The longest I've ever run is a marathon, but I talked to loads of ultra marathon runners before I wrote the book. My worst injury was when I lived in Edinburgh and we had a terrible winter. The whole city was covered in ice and I got frustrated at not being able to run. One day I did it anyway, hit a patch of black ice as I was crossing the road and knocked my foot out of its socket on the curb, snapping my fibula in the process. I heard the break over the music in my headphones. I remember actually trying to reinsert my foot, thinking that I could just run home on it again. I was in plaster for the next six weeks, and couldn't run for another four months.

On some of his longest running days, Ed starts to hallucinate.

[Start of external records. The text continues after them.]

(* Let $K$ be a field, $N\ge 2$, $N_1,\dots,N_N\ge 1$, and for $1\le i\le N$, $1\le j\le N_i$ let $L_{i,j}=a_ix+b_iy+c_{i,j}\in K[x,y]$ be non-constant polynomials such that the lines $L_{i,j}=0$ in the affine plane are pairwise distinct, and lines with different first index are not parallel. Then for every $\lambda\in K^*$ the polynomial $$f(x,y)=\lambda\prod_{i=1}^N\prod_{j=1}^{N_i}L_{i,j}-1$$ is irreducible in $K[x,y]$; in particular the affine curve $f(x,y)=0$ is irreducible.
   Context: Note that all lines with the same first index $i$ are parallel (they share the coefficients $a_i,b_i$); "not parallel for distinct $i$" means $a_ib_k-a_kb_i\neq 0$ for $i\neq k$. *)

theory Defs
  imports "HOL-Computational_Algebra.Polynomial"
begin

text \<open>Bivariate polynomials K[x,y] are represented as K[y][x], i.e. the type
  ('a poly) poly: the outer variable is x, the inner (coefficient) variable is y.
  This ring is isomorphic to K[x,y], so irreducibility is the same notion.\<close>

definition bivar_const :: "'a::zero \<Rightarrow> 'a poly poly" where
  "bivar_const c = [:[:c:]:]"

definition line_poly :: "'a::comm_ring_1 \<Rightarrow> 'a \<Rightarrow> 'a \<Rightarrow> 'a poly poly" where
  "line_poly a b c = [:[:c, b:], [:a:]:]"

end

theory Submission imports Defs begin

(* Suppose f = g * h.  Modulo a line L dividing P we have g * h = -1, so restricting to the
   line (parametrized by one coordinate, a ring map K[x,y] -> K[t] with kernel (L)) turns g
   into a unit of K[t], i.e. a constant:  L | g - al_L.  Two non-parallel lines meet in a
   point, where g takes both values, so al_L is the same constant al for lines of different
   directions, hence (as there are two directions) for all lines.  Distinct lines are pairwise
   coprime, so P | g - al, and likewise P | h - be.  Comparing
   lam * P - 1 = (al + P u) (be + P v)  modulo P and then by degree in x gives u = 0 or v = 0,
   so g or h is a nonzero constant. *)

definition eval_at :: "'a::comm_ring_1 \<Rightarrow> 'a \<Rightarrow> 'a poly poly \<Rightarrow> 'a" where
  "eval_at x y p = poly (poly p [:x:]) y"

lemma eval_at_mult: "eval_at x y (p * q) = eval_at x y p * eval_at x y q"
  by (simp add: eval_at_def)

lemma eval_at_diff: "eval_at x y (p - q) = eval_at x y p - eval_at x y q"
  by (simp add: eval_at_def)

lemma eval_at_const: "eval_at x y (bivar_const t) = t"
  by (simp add: eval_at_def bivar_const_def)

lemma eval_at_line: "eval_at x y (line_poly a b c) = a * x + b * y + c"
  by (simp add: eval_at_def line_poly_def algebra_simps)

lemma nonparallel_lines_meet:
  fixes a b c a' b' c' :: "'a::field"
  assumes nonpar: "a * b' - a' * b \<noteq> 0"
  shows "\<exists>x y. a * x + b * y + c = 0 \<and> a' * x + b' * y + c' = 0"
proof -
  define D where "D = a * b' - a' * b"
  have combine: "u * ((b * c' - b' * c) / D) + v * ((a' * c - a * c') / D) + w
      = (u * (b * c' - b' * c) + v * (a' * c - a * c') + w * D) / D" for u v w
    using nonpar by (simp add: D_def[symmetric] field_simps)
  have "a * (b * c' - b' * c) + b * (a' * c - a * c') + c * D = 0"
    and "a' * (b * c' - b' * c) + b' * (a' * c - a * c') + c' * D = 0"
    by (simp_all add: D_def algebra_simps)
  thus ?thesis by (metis combine div_0)
qed

text \<open>A polynomial congruent to a constant modulo each of two non-parallel lines is congruent
  to the same constant modulo both: evaluate at their common point.\<close>

lemma constant_mod_nonparallel_lines:
  fixes g :: "'a::field poly poly"
  assumes "a * b' - a' * b \<noteq> 0"
    and "line_poly a b c dvd g - bivar_const t" and "line_poly a' b' c' dvd g - bivar_const t'"
  shows "t = t'"
proof -
  obtain x y where "eval_at x y (line_poly a b c) = 0" "eval_at x y (line_poly a' b' c') = 0"
    using nonparallel_lines_meet[OF assms(1), of c c'] by (auto simp: eval_at_line)
  with assms(2,3) have "eval_at x y (g - bivar_const t) = 0" "eval_at x y (g - bivar_const t') = 0"
    by (auto elim!: dvdE simp: eval_at_mult)
  thus ?thesis by (simp add: eval_at_diff eval_at_const)
qed

lemma map_poly_eval_mult:
  "map_poly (\<lambda>q. poly q y) (p * r) = map_poly (\<lambda>q. poly q y) p * map_poly (\<lambda>q. poly q y) r"
  by (rule poly_eqI) (simp add: coeff_map_poly coeff_mult poly_sum)

lemma map_poly_eval_diff:
  fixes y :: "'a::comm_ring"
  shows "map_poly (\<lambda>q. poly q y) (p - r) = map_poly (\<lambda>q. poly q y) p - map_poly (\<lambda>q. poly q y) r"
  by (rule poly_eqI) (simp add: coeff_map_poly poly_diff)

definition line_restrict :: "'a::field \<Rightarrow> 'a \<Rightarrow> 'a \<Rightarrow> 'a poly poly \<Rightarrow> 'a poly" where
  "line_restrict a b c p =
     (if a \<noteq> 0 then poly p [:-c/a, -b/a:] else map_poly (\<lambda>q. poly q (-c/b)) p)"

lemma line_restrict_mult:
  "line_restrict a b c (p * q) = line_restrict a b c p * line_restrict a b c q"
  by (simp add: line_restrict_def map_poly_eval_mult)

lemma line_restrict_diff:
  "line_restrict a b c (p - q) = line_restrict a b c p - line_restrict a b c q"
  by (simp add: line_restrict_def map_poly_eval_diff)

lemma line_restrict_const: "line_restrict a b c (bivar_const t) = [:t:]"
  by (simp add: line_restrict_def bivar_const_def map_poly_pCons)

lemma line_restrict_1: "line_restrict a b c 1 = 1"
  by (simp add: line_restrict_def)

lemma line_restrict_prod:
  "line_restrict a b c (prod f A) = (\<Prod>x\<in>A. line_restrict a b c (f x))"
  by (induction A rule: infinite_finite_induct)
    (simp_all add: line_restrict_mult line_restrict_1)

lemma line_restrict_other_line:
  assumes "a \<noteq> 0 \<or> b \<noteq> 0"
    and "(a' = a \<and> b' = b \<and> c' \<noteq> c) \<or> a * b' - a' * b \<noteq> 0"
  shows "line_restrict a b c (line_poly a' b' c') \<noteq> 0"
  using assms by (auto simp: line_restrict_def line_poly_def field_simps map_poly_pCons)

lemma line_restrict_eq_0_iff:
  fixes a b c :: "'a::field"
  assumes ab: "a \<noteq> 0 \<or> b \<noteq> 0"
  shows "line_restrict a b c p = 0 \<longleftrightarrow> line_poly a b c dvd p"
proof (cases "a = 0")
  case False
  have "line_poly a b c = [:[:a:]:] * [:-[:-c/a, -b/a:], 1:]"
    using False by (simp add: line_poly_def)
  moreover have "is_unit [:[:a:]:]" using False by (simp add: is_unit_const_poly_iff dvd_field_iff)
  ultimately have "line_poly a b c dvd p \<longleftrightarrow> [:-[:-c/a, -b/a:], 1:] dvd p"
    by (metis mult_unit_dvd_iff')
  thus ?thesis using False by (simp add: line_restrict_def poly_eq_0_iff_dvd)
next
  case True
  hence b: "b \<noteq> 0" using ab by simp
  have L: "line_poly a b c = [:[:b:] * [:-(-c/b), 1:]:]"
    using True b by (simp add: line_poly_def)
  have unit: "is_unit [:b:]" using b by (simp add: is_unit_const_poly_iff dvd_field_iff)
  have "line_poly a b c dvd p \<longleftrightarrow> (\<forall>n. [:-(-c/b), 1:] dvd coeff p n)"
    unfolding L const_poly_dvd_iff mult_unit_dvd_iff'[OF unit] ..
  also have "\<dots> \<longleftrightarrow> (\<forall>n. poly (coeff p n) (-c/b) = 0)"
    by (simp only: poly_eq_0_iff_dvd)
  also have "\<dots> \<longleftrightarrow> map_poly (\<lambda>q. poly q (-c/b)) p = 0"
    by (simp add: poly_eq_iff coeff_map_poly)
  finally show ?thesis using True by (simp add: line_restrict_def)
qed

text \<open>If g * h is a nonzero constant modulo L, then g is a constant modulo L: its restriction
  to L is a unit of K[t].\<close>

lemma factor_constant_mod_line:
  fixes g h :: "'a::field poly poly"
  assumes ab: "a \<noteq> 0 \<or> b \<noteq> 0" and mu: "mu \<noteq> 0"
    and dvd: "line_poly a b c dvd g * h - bivar_const mu"
  shows "\<exists>t. line_poly a b c dvd g - bivar_const t"
proof -
  have "line_restrict a b c g * line_restrict a b c h = [:mu:]"
    using dvd by (simp add: line_restrict_eq_0_iff[OF ab, symmetric]
        line_restrict_diff line_restrict_mult line_restrict_const)
  hence "line_restrict a b c g dvd 1"
    using mu by (metis dvdI dvd_trans is_unit_const_poly_iff dvd_field_iff)
  then obtain t where "line_restrict a b c g = [:t:]"
    by (auto simp: is_unit_poly_iff)
  hence "line_restrict a b c (g - bivar_const t) = 0"
    by (simp add: line_restrict_diff line_restrict_const)
  thus ?thesis by (auto simp: line_restrict_eq_0_iff[OF ab])
qed

lemma line_mult_dvd:
  fixes Q p :: "'a::field poly poly"
  assumes ab: "a \<noteq> 0 \<or> b \<noteq> 0"
    and "line_poly a b c dvd p" and "Q dvd p" and "line_restrict a b c Q \<noteq> 0"
  shows "line_poly a b c * Q dvd p"
proof -
  obtain q where p: "p = Q * q" using \<open>Q dvd p\<close> ..
  have "line_restrict a b c Q * line_restrict a b c q = 0"
    using assms(2) p by (simp add: line_restrict_eq_0_iff[OF ab, symmetric] line_restrict_mult)
  hence "line_poly a b c dvd q"
    using assms(4) by (simp add: line_restrict_eq_0_iff[OF ab, symmetric])
  thus ?thesis using p by (simp add: mult_dvd_mono mult.commute)
qed

text \<open>A product of pairwise distinct lines divides every polynomial that each line divides.
  Parallel lines are assumed to be written with the same coefficients a, b.\<close>

lemma prod_lines_dvd:
  fixes A B C :: "'s \<Rightarrow> 'a::field" and p :: "'a poly poly"
  assumes "finite S"
    and "\<And>s. s \<in> S \<Longrightarrow> A s \<noteq> 0 \<or> B s \<noteq> 0"
    and "\<And>s t. s \<in> S \<Longrightarrow> t \<in> S \<Longrightarrow> s \<noteq> t \<Longrightarrow>
           (A t = A s \<and> B t = B s \<and> C t \<noteq> C s) \<or> A s * B t - A t * B s \<noteq> 0"
    and "\<And>s. s \<in> S \<Longrightarrow> line_poly (A s) (B s) (C s) dvd p"
  shows "(\<Prod>s\<in>S. line_poly (A s) (B s) (C s)) dvd p"
  using assms
proof (induction S rule: finite_induct)
  case empty
  then show ?case by simp
next
  case (insert s F)
  have "line_restrict (A s) (B s) (C s) (line_poly (A t) (B t) (C t)) \<noteq> 0" if "t \<in> F" for t
    using insert that by (intro line_restrict_other_line) auto
  hence "line_restrict (A s) (B s) (C s) (\<Prod>t\<in>F. line_poly (A t) (B t) (C t)) \<noteq> 0"
    using insert.hyps by (simp add: line_restrict_prod prod_zero_iff)
  hence "line_poly (A s) (B s) (C s) * (\<Prod>t\<in>F. line_poly (A t) (B t) (C t)) dvd p"
    using insert by (intro line_mult_dvd) auto
  thus ?case using insert.hyps by simp
qed

text \<open>The final degree argument, over any coefficient ring R: if P has positive degree and
  lam * P - 1 factors as (al + P u) (be + P v), then P * (lam - w) = al * be + 1 for some w,
  so degree forces al * be = -1 and w = lam; comparing degrees in w = lam gives u = 0 or v = 0,
  so one factor is a unit constant.\<close>

lemma unit_factor_of_pencil:
  fixes P u v :: "'b::{idom_divide,algebraic_semidom} poly"
  assumes degP: "degree P > 0"
    and eq: "[:lam:] * P - 1 = ([:al:] + P * u) * ([:be:] + P * v)"
  shows "is_unit ([:al:] + P * u) \<or> is_unit ([:be:] + P * v)"
proof -
  define w where "w = [:al:] * v + [:be:] * u + P * u * v"
  have split: "P * ([:lam:] - w) = [:al * be + 1:]"
    using eq by (simp add: w_def algebra_simps flip: pCons_one)
  have w: "w = [:lam:]" and albe: "al * be = -1"
  proof -
    have "[:lam:] - w = 0"
    proof (rule ccontr)
      assume "[:lam:] - w \<noteq> 0"
      hence "degree (P * ([:lam:] - w)) \<ge> degree P"
        using degP by (subst degree_mult_eq) auto
      thus False using split degP by simp
    qed
    thus "w = [:lam:]" by simp
    show "al * be = -1" using split \<open>[:lam:] - w = 0\<close> by (simp add: eq_neg_iff_add_eq_0)
  qed
  have "u = 0 \<or> v = 0"
  proof (rule ccontr)
    assume "\<not> (u = 0 \<or> v = 0)"
    hence nz: "u \<noteq> 0" "v \<noteq> 0" "P \<noteq> 0" using degP by auto
    have "degree ([:al:] * v + [:be:] * u) \<le> max (degree v) (degree u)"
      using degree_add_le[of "smult al v" _ "smult be u"] degree_smult_le[of al v]
        degree_smult_le[of be u] by simp
    also have "\<dots> < degree (P * u * v)" using nz degP by (auto simp: degree_mult_eq)
    finally have "degree w = degree (P * u * v)"
      unfolding w_def by (rule degree_add_eq_right)
    thus False using w nz degP by (simp add: degree_mult_eq)
  qed
  moreover have "1 = al * - be" "1 = be * - al"
    using albe by (simp_all add: mult.commute)
  hence "is_unit al" "is_unit be" by (metis dvdI)+
  ultimately show ?thesis by (auto simp: is_unit_const_poly_iff)
qed

text \<open>A finite arrangement of pairwise distinct lines (parallel ones sharing their coefficients
  a, b) in which any two lines are non-parallel or both cross a third line; this holds as soon
  as at least two directions occur.\<close>

locale line_arrangement =
  fixes S :: "'s set" and A B C :: "'s \<Rightarrow> 'a::field"
  assumes finite_lines: "finite S"
    and proper: "s \<in> S \<Longrightarrow> A s \<noteq> 0 \<or> B s \<noteq> 0"
    and distinct: "s \<in> S \<Longrightarrow> t \<in> S \<Longrightarrow> s \<noteq> t \<Longrightarrow>
           (A t = A s \<and> B t = B s \<and> C t \<noteq> C s) \<or> A s * B t - A t * B s \<noteq> 0"
    and linked: "s \<in> S \<Longrightarrow> t \<in> S \<Longrightarrow> A s * B t - A t * B s \<noteq> 0 \<or>
           (\<exists>u\<in>S. A s * B u - A u * B s \<noteq> 0 \<and> A t * B u - A u * B t \<noteq> 0)"
    and nonempty: "S \<noteq> {}"
begin

abbreviation line :: "'s \<Rightarrow> 'a poly poly" where
  "line s \<equiv> line_poly (A s) (B s) (C s)"

definition product :: "'a poly poly" where
  "product = (\<Prod>s\<in>S. line s)"

lemma line_nonzero: "s \<in> S \<Longrightarrow> line s \<noteq> 0"
  using proper by (auto simp: line_poly_def)

text \<open>Some line involves x (a \<noteq> 0), so the product has positive degree in x.\<close>

lemma degree_product_pos: "degree product > 0"
proof -
  obtain s u where su: "s \<in> S" "u \<in> S" "A s * B u - A u * B s \<noteq> 0"
    using nonempty linked by fastforce
  then obtain s0 where s0: "s0 \<in> S" "A s0 \<noteq> 0" by (metis mult_zero_left diff_self)
  have "degree (line s0) \<le> (\<Sum>s\<in>S. degree (line s))"
    by (rule member_le_sum[OF s0(1) _ finite_lines]) simp
  moreover have "degree (line s0) = 1" using s0(2) by (simp add: line_poly_def)
  ultimately show ?thesis
    by (simp add: product_def degree_prod_sum_eq line_nonzero)
qed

Are these hallucinations meant to cast any kind of doubt on his experience as a whole? Do you see him as a reliable narrator?

The ending contains an element of doubt, leaving the reader with certain questions, which I'll let them answer. I've had some interesting responses from U.K. readers, one of which had a particularly chilling take on the whole book which I'd never thought of before! Personally, I veer towards a more hopeful interpretation.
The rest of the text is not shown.